More important, nobody in any physical science would recognize the tables of levels of evidence.  A random controlled trial may be good for one kind of experiment but not for another and EBM is critical of “observational studies” but all of astronomy is observational.  In the end, most scientists would agree with the physicist Steven Weinberg, echoing Judge Potter Stewart’s famous take on pornography:

  •  “There is no logical formula that establishes a sharp dividing line between a beautiful explanatory theory and a mere list of data, but we know the difference when we see it — we demand a simplicity and rigidity in our principles before we are willing to take them seriously [3].”

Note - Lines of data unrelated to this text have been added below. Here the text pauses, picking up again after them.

lemma refutes_Perm_Conj:
  fixes p q v0 :: "'v::finite"
  assumes "p \<noteq> q" and \<pi>: "weighting \<pi>"
  shows "refutes_impl \<pi> (Conj (Perm v0 (Var p)) (Perm v0 (Var q))) (Perm v0 (Conj (Var p) (Var q)))"
    and "refutes_impl \<pi> (Perm v0 (Var p)) (Perm v0 (Conj (Var p) (Var q)))"
proof -
  define u :: "'v set \<Rightarrow> real" where "u w = (if p \<in> w \<and> q \<in> w then -1 else 0)" for w
  let ?M = "dsem (nearest \<pi>) u"
  have Perm_p: "{} \<in> ?M (Perm v0 (Var p))" and Perm_q: "{} \<in> ?M (Perm v0 (Var q))"
    using assms by (auto simp: mem_dsem_Perm delta_t_def nearest_self nearest_insert u_def)
  have "?M (Conj (Var p) (Var q)) = {w. p \<in> w \<and> q \<in> w}"
    by (auto simp: delta_t_def)
  moreover have "nearest \<pi> {} {w. p \<in> w \<and> q \<in> w} = {p, q}"
    by (rule nearest_eqI[OF \<pi>]) (auto simp: symdiff_def)
  ultimately have "{} \<notin> ?M (Perm v0 (Conj (Var p) (Var q)))"
    using \<pi> by (auto simp: mem_dsem_Perm nearest_self u_def)
  with Perm_p Perm_q \<pi> show "refutes_impl \<pi> (Conj (Perm v0 (Var p)) (Perm v0 (Var q))) (Perm v0 (Conj (Var p) (Var q)))"
    and "refutes_impl \<pi> (Perm v0 (Var p)) (Perm v0 (Conj (Var p) (Var q)))"
    by (auto intro: refutes_implI)
qed
lemma real_eigenvector_fun:
  assumes M: "(M :: real mat) \<in> carrier_mat n n" and r: "poly (char_poly M) \<mu> = 0"
  obtains z where "\<exists>i<n. z i \<noteq> 0" "\<And>j. j < n \<Longrightarrow> mat_apply M n z j = \<mu> * z j"
proof -
  from r eigenvalue_root_char_poly[OF M] obtain v where "eigenvector M v \<mu>"
    unfolding eigenvalue_def by auto
  then have v: "v \<in> carrier_vec n" "v \<noteq> 0\<^sub>v n" "M *\<^sub>v v = \<mu> \<cdot>\<^sub>v v"
    unfolding eigenvector_def using M by auto
  define z where "z = (\<lambda>i. if i < n then v $ i else 0)"
  have "\<exists>i<n. z i \<noteq> 0"
  proof (rule ccontr)
    assume "\<not> ?thesis"
    then have "v = 0\<^sub>v n" using v(1) unfolding z_def by (intro eq_vecI) auto
    with v(2) show False by simp
  qed
  moreover have "mat_apply M n z j = \<mu> * z j" if j: "j < n" for j
  proof -
    have "\<mu> * z j = (M *\<^sub>v v) $ j" using v(1,3) j unfolding z_def by simp
    also have "\<dots> = row M j \<bullet> v" using M j by simp
    also have "\<dots> = mat_apply M n z j" unfolding scalar_prod_def mat_apply_def z_def using M v(1) j
      by (auto simp: atLeast0LessThan intro!: sum.cong)
    finally show ?thesis by simp
  qed
  ultimately show ?thesis by (rule that)
qed

lemma abs_eigenvector_subinvariant:
  assumes M: "nonneg_mat M n" and ev: "mat_apply M n z j = \<mu> * z j" and \<mu>: "1 \<le> \<mu>" and j: "j < n"
  shows "\<bar>z j\<bar> \<le> mat_apply M n (\<lambda>l. \<bar>z l\<bar>) j"
proof -
  have "\<bar>z j\<bar> \<le> \<mu> * \<bar>z j\<bar>" using mult_right_mono[OF \<mu>, of "\<bar>z j\<bar>"] by simp
  also have "\<dots> = \<bar>mat_apply M n z j\<bar>" using ev \<mu> by (simp add: abs_mult)
  also have "\<dots> \<le> (\<Sum>l<n. \<bar>M $$ (j, l) * z l\<bar>)" unfolding mat_apply_def by (rule sum_abs)
  also have "\<dots> = mat_apply M n (\<lambda>l. \<bar>z l\<bar>) j"
    unfolding mat_apply_def using M j by (intro sum.cong) (auto simp: abs_mult nonneg_mat_def)
  finally show ?thesis .
qed
theorem mainTheorem8:
  fixes t :: "nat \<Rightarrow> real" and N :: nat and T :: real
    and theta :: "nat \<Rightarrow> nat \<Rightarrow> real"
    and \<delta> \<epsilon> h :: real and M n :: nat
    and u :: "nat \<Rightarrow> nat \<Rightarrow> real"
  assumes t0: "t 0 = 0" and tN: "t N = T"
    and mono: "\<And>k. 1 \<le> k \<Longrightarrow> k \<le> N \<Longrightarrow> t (k - 1) < t k"
    and delta: "0 < \<delta>" "\<delta> < r_max"
    and r2: "ratio t 2 > 0"
    and rk: "\<And>k. 3 \<le> k \<Longrightarrow> k \<le> N \<Longrightarrow> 0 < ratio t k \<and> ratio t k \<le> r_max - \<delta>"
    and doc: "\<And>m k. 1 \<le> k \<Longrightarrow> k \<le> m \<Longrightarrow> m \<le> N \<Longrightarrow>
               (\<Sum>j = k..m. theta m (m - j) * bdf2 t j (j - k)) = (if m = k then 1 else 0)"
    and eps: "\<epsilon> > 0"
    and h: "h > 0"
    and n: "2 \<le> n" "n \<le> N"
    and bc: "\<And>k. 1 \<le> k \<Longrightarrow> k \<le> n \<Longrightarrow> u k 0 = 0 \<and> u k M = 0"
  shows "2 * (\<Sum>k = 2..n. \<Sum>j = 2..k. theta k (k - j) *
              ip_h h M (\<lambda>i. - lap_h h (u j) i) (u k))
         + \<epsilon>^2 / (C_r * \<delta>) * (\<Sum>k = 2..n. tau t k * (norm_h h M (u k))^2)
         \<ge> 2 * \<epsilon> * (\<Sum>k = 2..n. \<Sum>j = 2..k. theta k (k - j) *
              ip_h h M (grad_h h (u j)) (u k))"
proof -
  \<comment> \<open>The positivity of the step ratios assumed in r2 and rk already follows from mono.\<close>
  have tau_pos: "\<And>k. 1 \<le> k \<Longrightarrow> k \<le> N \<Longrightarrow> 0 < tau t k"
    using mono by (simp add: tau_def)
  have "doc_kernels t N theta"
    using doc by (simp add: doc_kernels_def)
  define c where "c = C_r * \<delta>"
  define W where "W = doc_conv theta u"
  have "0 < c"
    using delta by (simp add: c_def C_r_def)
  have "2 * \<epsilon> * (\<Sum>k = 2..n. \<Sum>j = 2..k. theta k (k - j) * ip_h h M (grad_h h (u j)) (u k))
      = (\<Sum>k = 2..n. 2 * \<epsilon> * ip_h h M (grad_h h (W k)) (u k))"
    by (simp add: sum_distrib_left ip_h_grad_h_sum_left W_def doc_conv_def[abs_def])
  also have "\<dots> \<le> (\<Sum>k = 2..n. c / tau t k * dirichlet_h h M (W k) (W k)
      + \<epsilon>\<^sup>2 / (c / tau t k) * ip_h h M (u k) (u k))"
    using tau_pos n \<open>0 < c\<close> h by (intro sum_mono ip_h_grad_h_le_dirichlet_h) auto
  also have "\<dots> = c * (\<Sum>k = 2..n. dirichlet_h h M (W k) (W k) / tau t k)
      + \<epsilon>\<^sup>2 / c * (\<Sum>k = 2..n. tau t k * (norm_h h M (u k))\<^sup>2)"
    using h by (simp add: sum.distrib sum_distrib_left norm_h_power2 mult.assoc)
  also have "c * (\<Sum>k = 2..n. dirichlet_h h M (W k) (W k) / tau t k)
      \<le> 2 * (\<Sum>k = 2..n. \<Sum>j = 2..k. theta k (k - j) * ip_h h M (\<lambda>i. - lap_h h (u j) i) (u k))"
    unfolding c_def W_def using \<open>doc_kernels t N theta\<close> tau_pos delta rk n h bc
    by (intro doc_lap_form_lower_bound[where N = N]) auto
  finally show ?thesis
    by (simp add: c_def)
qed

end
theorem mainTheorem13:
  fixes \<delta> :: "'q::finite \<Rightarrow> 'a::finite \<Rightarrow> 'q pmf"
    and q :: 'q and a b \<eta> :: real
    and NZ :: "('q \<times> 'a) set" and v :: "('q,'a) fin_run \<Rightarrow> real"
  assumes "a < 0" "0 < b" "a \<le> \<eta>" "\<eta> \<le> 0"
    and "\<forall>h. a \<le> v h \<and> v h \<le> b"
    and "eta_bounded \<delta> \<eta> NZ v"
  shows "\<forall>(s::real) (n::nat) (M::real) (\<sigma>::('q,'a) fin_run \<Rightarrow> 'a pmf) P.
           s > 0 \<longrightarrow> M \<ge> 0 \<longrightarrow> induced_measure \<delta> \<sigma> q P \<longrightarrow>
           (\<integral>\<rho>. exp (s * (f_v NZ v n M \<rho> - real n * \<eta>)) \<partial>P)
             \<le> exp (real n * (s\<^sup>2 * (b - a)\<^sup>2 / 8))
                + real n * exp (s * (- M + real n * max \<bar>a\<bar> \<bar>b\<bar>) + real n * (s\<^sup>2 * (b - a)\<^sup>2 / 8))"
proof (intro allI impI)
  fix s M :: real and n :: nat and \<sigma> :: "('q,'a) fin_run \<Rightarrow> 'a pmf" and P
  assume "s > 0" "M \<ge> 0" and P: "induced_measure \<delta> \<sigma> q P"
  interpret eta_bounded_valuation \<delta> NZ v a b \<eta>
    using assms(5,6) by unfold_locales auto
  have "- \<eta> \<le> max \<bar>a\<bar> \<bar>b\<bar>"
    using \<open>a \<le> \<eta>\<close> by linarith
  then have "real n * (- \<eta>) \<le> real n * max \<bar>a\<bar> \<bar>b\<bar>"
    by (rule mult_left_mono) simp
  then have "s * (- M - real n * \<eta>) \<le> s * (- M + real n * max \<bar>a\<bar> \<bar>b\<bar>)"
    using \<open>s > 0\<close> by (intro mult_left_mono) auto
  moreover have "0 \<le> real n * hoeffding_exponent s"
    by simp
  ultimately have
    "s * (- M - real n * \<eta>) \<le> s * (- M + real n * max \<bar>a\<bar> \<bar>b\<bar>) + real n * hoeffding_exponent s"
    by linarith
  then have "real n * exp (s * (- M - real n * \<eta>))
      \<le> real n * exp (s * (- M + real n * max \<bar>a\<bar> \<bar>b\<bar>) + real n * hoeffding_exponent s)"
    by (intro mult_left_mono) auto
  with integral_exp_f_v_le[OF P \<open>s > 0\<close>, of n M]
  show "(\<integral>\<rho>. exp (s * (f_v NZ v n M \<rho> - real n * \<eta>)) \<partial>P)
      \<le> exp (real n * hoeffding_exponent s)
         + real n * exp (s * (- M + real n * max \<bar>a\<bar> \<bar>b\<bar>) + real n * hoeffding_exponent s)"
    by linarith
qed

end
lemma card_scattered_violators_le:
  assumes "sat G (BasicAll m k f)" and "finite Z" and "scattered_violators G k f Z"
  shows "card Z \<le> m"
proof (rule ccontr)
  assume "\<not> card Z \<le> m"
  then obtain T where T: "T \<subseteq> Z" "card T = Suc m"
    by (meson not_le Suc_leI obtain_subset_with_card_n)
  then obtain ys where ys: "set ys = T" "distinct ys"
    using finite_distinct_list finite_subset[OF _ assms(2)] by metis
  have Z: "Z \<subseteq> verts G" "scattered_set G k Z" "\<forall>z\<in>Z. \<not> holds_at G k f z"
    using assms(3) by (simp_all add: scattered_violators_def)
  have "length ys = Suc m" using ys T(2) distinct_card by metis
  moreover have "set ys \<subseteq> verts G" using ys(1) T(1) Z(1) by auto
  moreover have "scattered G k ys"
    using ys T(1) scattered_set_subset[OF Z(2)] by (intro scattered_if_scattered_set) auto
  ultimately obtain i where "i < length ys" "holds_at G k f (ys ! i)"
    using assms(1) by auto
  then show False using ys T(1) Z(3) nth_mem by blast
qed

lemma ex_max_scattered_violators:
  assumes "finite (verts G)"
  shows "\<exists>X. is_arg_max card (scattered_violators G k f) X"
proof -
  have "scattered_violators G k f {}" by (simp add: scattered_violators_def scattered_set_def)
  moreover have "card Z < Suc (card (verts G))" if "scattered_violators G k f Z" for Z
    using that assms card_mono by (fastforce simp: scattered_violators_def)
  ultimately show ?thesis
    unfolding is_arg_max_linorder by (blast intro: ex_has_greatest_nat)
qed

text \<open>Exchange argument: the points of \<open>Y\<close> are far from the points of \<open>X\<close> outside \<open>M\<^sub>r(I)\<close>,
  so by maximality of \<open>X\<close> they cannot outnumber the points of \<open>X\<close> inside it.\<close>
lemma card_scattered_violators_in_mid_le:
  assumes lay: "layering G lam" and sym: "\<And>u v. adj G u v \<Longrightarrow> adj G v u"
    and q: "0 < int l - 2 * int r" and R: "R \<in> covers l r" "I \<in> R" and "r' \<le> r"
    and X: "finite X" "is_arg_max card (scattered_violators G r' f) X"
    and deep: "\<forall>x\<in>X. \<exists>K\<in>R. lam x \<in> mid (3 * r) K"
    and Y: "finite Y" "scattered_violators G r' f Y" "\<forall>y\<in>Y. lam y \<in> mid r I"
  shows "card Y \<le> card {x \<in> X. lam x \<in> mid r I}"
proof -
  define X' where "X' = {x \<in> X. lam x \<notin> mid r I}"
  have far: "\<not> dist_le G (2 * r') y x" if y: "y \<in> Y" and x: "x \<in> X'" for y x
  proof
    assume "dist_le G (2 * r') y x"
    then have "\<bar>lam y - lam x\<bar> \<le> 2 * int r"
      using dist_le_layer_bound[OF lay] \<open>r' \<le> r\<close> by fastforce
    moreover obtain K where "K \<in> R" "lam x \<in> mid (3 * r) K"
      using deep x by (auto simp: X'_def)
    ultimately have "lam x \<in> mid r I"
      using mid_cover_near[OF q R \<open>K \<in> R\<close>] Y(3) y by blast
    then show False using x by (simp add: X'_def)
  qed
  have X_viol: "scattered_violators G r' f X"
    and max: "\<And>Z. scattered_violators G r' f Z \<Longrightarrow> card Z \<le> card X"
    using X(2) by (simp_all add: is_arg_max_linorder)
  have "scattered_set G r' X'"
    using X_viol scattered_set_subset[of G r' X X'] by (auto simp: scattered_violators_def X'_def)
  then have "scattered_set G r' (Y \<union> X')"
    using Y(2) scattered_set_Un[OF sym _ _ far] by (simp add: scattered_violators_def)
  then have "scattered_violators G r' f (Y \<union> X')"
    using X_viol Y(2) by (auto simp: scattered_violators_def X'_def)
  then have "card (Y \<union> X') \<le> card X" by (rule max)
  moreover have "card (Y \<union> X') = card Y + card X'"
    using X(1) Y(1,3) by (intro card_Un_disjoint) (auto simp: X'_def)
  moreover have "card ({x \<in> X. lam x \<in> mid r I} \<union> X') = card {x \<in> X. lam x \<in> mid r I} + card X'"
    using X(1) by (intro card_Un_disjoint) (auto simp: X'_def)
  moreover have "{x \<in> X. lam x \<in> mid r I} \<union> X' = X" by (auto simp: X'_def)
  ultimately show ?thesis by simp
qed

lemma sat_variant_BasicAll_layer_window:
  assumes "C \<notin> preds f" "M \<notin> preds f" "bound_ok f"
    and lay: "layering G lam" and sym: "\<And>u v. adj G u v \<Longrightarrow> adj G v u" and "r' \<le> r"
    and q: "0 < int l - 2 * int r" and R: "R \<in> covers l r" "I \<in> R"
    and X: "finite X" "is_arg_max card (scattered_violators G r' f) X"
    and deep: "\<forall>x\<in>X. \<exists>K\<in>R. lam x \<in> mid (3 * r) K"
    and k: "card {x \<in> X. lam x \<in> mid r I} \<le> k"
  shows "sat_variant (layer_window G lam C M r I) C M k (BasicAll m r' f)"
  unfolding sat_variant.simps
proof (intro allI impI, elim conjE)
  let ?H = "layer_window G lam C M r I"
  fix ys assume len: "length ys = Suc k" and ys: "set ys \<subseteq> verts ?H"
    and M_ys: "\<forall>i<Suc k. ys ! i \<in> un ?H M" and sc: "scattered ?H r' ys"
  have mid: "\<forall>y\<in>set ys. lam y \<in> mid r I"
    using M_ys len by (auto simp: in_set_conv_nth un_expand_restrict)
  have sym_H: "\<And>u v. adj ?H u v \<Longrightarrow> adj ?H v u" using sym by simp
  have "distinct ys"
    by (rule scattered_set_if_scattered(1)[OF ys sym_H sc])
  have "scattered_set ?H r' (set ys)"
    by (rule scattered_set_if_scattered(2)[OF ys sym_H sc])
  then have sc_G: "scattered_set G r' (set ys)"
    by (rule scattered_set_expand_restrictD[OF lay q R \<open>r' \<le> r\<close> mid])
  have holds: "holds_at ?H r' f y = holds_at G r' f y" if "y \<in> set ys" for y
  proof (rule holds_at_expand_restrict[OF lay assms(3,1,2)])
    show "{lam y - int r' .. lam y + int r'} \<subseteq> I"
      using that mid mid_antimono[OF \<open>r' \<le> r\<close>] by (intro ball_subset_of_mid[OF R q]) auto
  qed
  show "\<exists>i<Suc k. holds_at ?H r' f (ys ! i)"
  proof (rule ccontr)
    assume none: "\<not> ?thesis"
    have "\<forall>y\<in>set ys. \<not> holds_at G r' f y"
    proof
      fix y assume y: "y \<in> set ys"
      then obtain i where "i < length ys" "ys ! i = y" by (auto simp: in_set_conv_nth)
      then show "\<not> holds_at G r' f y" using none holds[OF y] len by auto
    qed
    then have "scattered_violators G r' f (set ys)"
      using ys sc_G by (auto simp: scattered_violators_def)
    then have "card (set ys) \<le> card {x \<in> X. lam x \<in> mid r I}"
      by (intro card_scattered_violators_in_mid_le[OF lay sym q R \<open>r' \<le> r\<close> X deep]) (simp_all add: mid)
    then show False using distinct_card[OF \<open>distinct ys\<close>] len k by simp
  qed
qed

lemma has_plan_BasicAll:
  assumes "C \<notin> preds f" "M \<notin> preds f" "bound_ok f"
    and lay: "layering G lam" and sym: "\<And>u v. adj G u v \<Longrightarrow> adj G v u" and "r' \<le> r"
    and q: "0 < int l - 2 * int r" and R: "R \<in> covers l r"
    and X: "finite X" "is_arg_max card (scattered_violators G r' f) X" "card X \<le> m"
    and deep: "\<forall>x\<in>X. \<exists>I\<in>R. lam x \<in> mid (3 * r) I"
  shows "has_plan G lam C M r R (BasicAll m r' f)"
proof -
  define c where "c = (\<lambda>I. card {x \<in> X. lam x \<in> mid r I})"
  obtain n where n: "R = cover l r n" using R by (auto simp: covers_def)
  define I\<^sub>0 where "I\<^sub>0 = {n .. n + int l - 1}"
  have "I\<^sub>0 \<in> R" unfolding n I\<^sub>0_def by (rule interval_in_cover)
  have "\<forall>x\<in>X. \<exists>I\<in>R. lam x \<in> mid r I"
    using deep mid_antimono[of r "3 * r"] by force
  then have "plan R c (card X)"
    unfolding c_def by (rule plan_card_mid[OF q R X(1) order.refl])
  \<comment> \<open>the surplus of the plan is put on an arbitrary interval, where it costs nothing\<close>
  define p where "p = c(I\<^sub>0 := c I\<^sub>0 + (m - card X))"
  have "plan R p m"
    using plan_add[OF \<open>plan R c (card X)\<close> \<open>I\<^sub>0 \<in> R\<close>, of "m - card X"] X(3) by (simp add: p_def)
  moreover have "sat_variant (layer_window G lam C M r I) C M (p I) (BasicAll m r' f)"
    if "I \<in> R" for I
    by (rule sat_variant_BasicAll_layer_window[OF assms(1-3) lay sym \<open>r' \<le> r\<close> q R that X(1,2) deep])
      (auto simp: c_def p_def)
  ultimately show ?thesis unfolding has_plan_def by auto
qed

lemma plan_witness_BasicAll:
  assumes "C \<notin> preds f" "M \<notin> preds f" "bound_ok f"
    and sym: "\<And>u v. adj G u v \<Longrightarrow> adj G v u" and "finite (verts G)"
    and lay: "layering G lam" and "r' \<le> r"
    and q: "0 < int l - 2 * int r" and "sat G (BasicAll m r' f)"
  shows "\<exists>X. finite X \<and> card X \<le> m \<and> (\<forall>R\<in>covers l r.
    (\<forall>x\<in>X. \<exists>I\<in>R. lam x \<in> mid (3 * r) I) \<longrightarrow> has_plan G lam C M r R (BasicAll m r' f))"
proof -
  obtain X where X: "is_arg_max card (scattered_violators G r' f) X"
    using ex_max_scattered_violators[OF \<open>finite (verts G)\<close>] by blast
  then have "X \<subseteq> verts G" by (simp add: is_arg_max_def scattered_violators_def)
  then have "finite X" using \<open>finite (verts G)\<close> finite_subset by blast
  moreover have "card X \<le> m"
    using card_scattered_violators_le[OF assms(9) \<open>finite X\<close>] X by (simp add: is_arg_max_def)
  ultimately show ?thesis
    using has_plan_BasicAll[OF assms(1-3) lay sym \<open>r' \<le> r\<close> q _ \<open>finite X\<close> X] by blast
qed

lemma plan_witness:
  assumes "C \<noteq> M" "C \<notin> preds (core \<phi>)" "M \<notin> preds (core \<phi>)" "bound_ok (core \<phi>)"
    and "is_graph G" "sat G \<phi>" "layering G lam" "brange \<phi> \<le> r" "0 < int l - 2 * int r"
  shows "\<exists>X. finite X \<and> card X \<le> spread \<phi> \<and> (\<forall>R\<in>covers l r.
    (\<forall>x\<in>X. \<exists>I\<in>R. lam x \<in> mid (3 * r) I) \<longrightarrow> has_plan G lam C M r R \<phi>)"
proof -
  have sym: "\<And>u v. adj G u v \<Longrightarrow> adj G v u" and "finite (verts G)"
    using assms(5) unfolding is_graph_def by auto
  show ?thesis
  proof (cases \<phi>)
    case (BasicEx m r' f)
    then show ?thesis
      using plan_witness_BasicEx[OF assms(1) _ _ _ sym assms(7) _ assms(9)] assms(2-4,6,8) by simp
  next
    case (BasicAll m r' f)
    then show ?thesis
      using plan_witness_BasicAll[OF _ _ _ sym \<open>finite (verts G)\<close> assms(7) _ assms(9)]
        assms(2-4,6,8) by simp
  qed
qed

So where do these arbitrary guidelines in EBM come from?  They were set up by the  medical community, a community that is stereotyped as being untrained in science. I hate stereotypes, especially medical stereotypes since I think of myself as coming from a medical family (my father and oldest daughter are physicians) but stereotypes come from someplace and, of course, it is well known that physicians never study nutrition.  In the end, it makes me think of the undoubtedly apocryphal story about Mozart.

  • A man comes to Mozart and wants to become a composer.  Mozart says that they have to study theory for  a couple of years, they should study orchestration and become proficient  at the piano, and goes on like this.  Finally, the man says “but you wrote your first symphony when you were 8 years old.”  Mozart says “Yes, but I didn’t ask anybody.”

Bibliography 

1. Tobin MJ: Counterpoint: evidence-based medicine lacks a sound scientific base. Chest 2008, 133(5):1071-1074; discussion 1074-1077.

2. Hite AH, Feinman RD, Guzman GE, Satin M, Schoenfeld PA, Wood RJ: In the face of contradictory evidence: report of the Dietary Guidelines for Americans Committee. Nutrition 2010, 26(10):915-924.

3. Weinberg S: Dreams of a final theory, 1st edn. New York: Pantheon Books; 1992.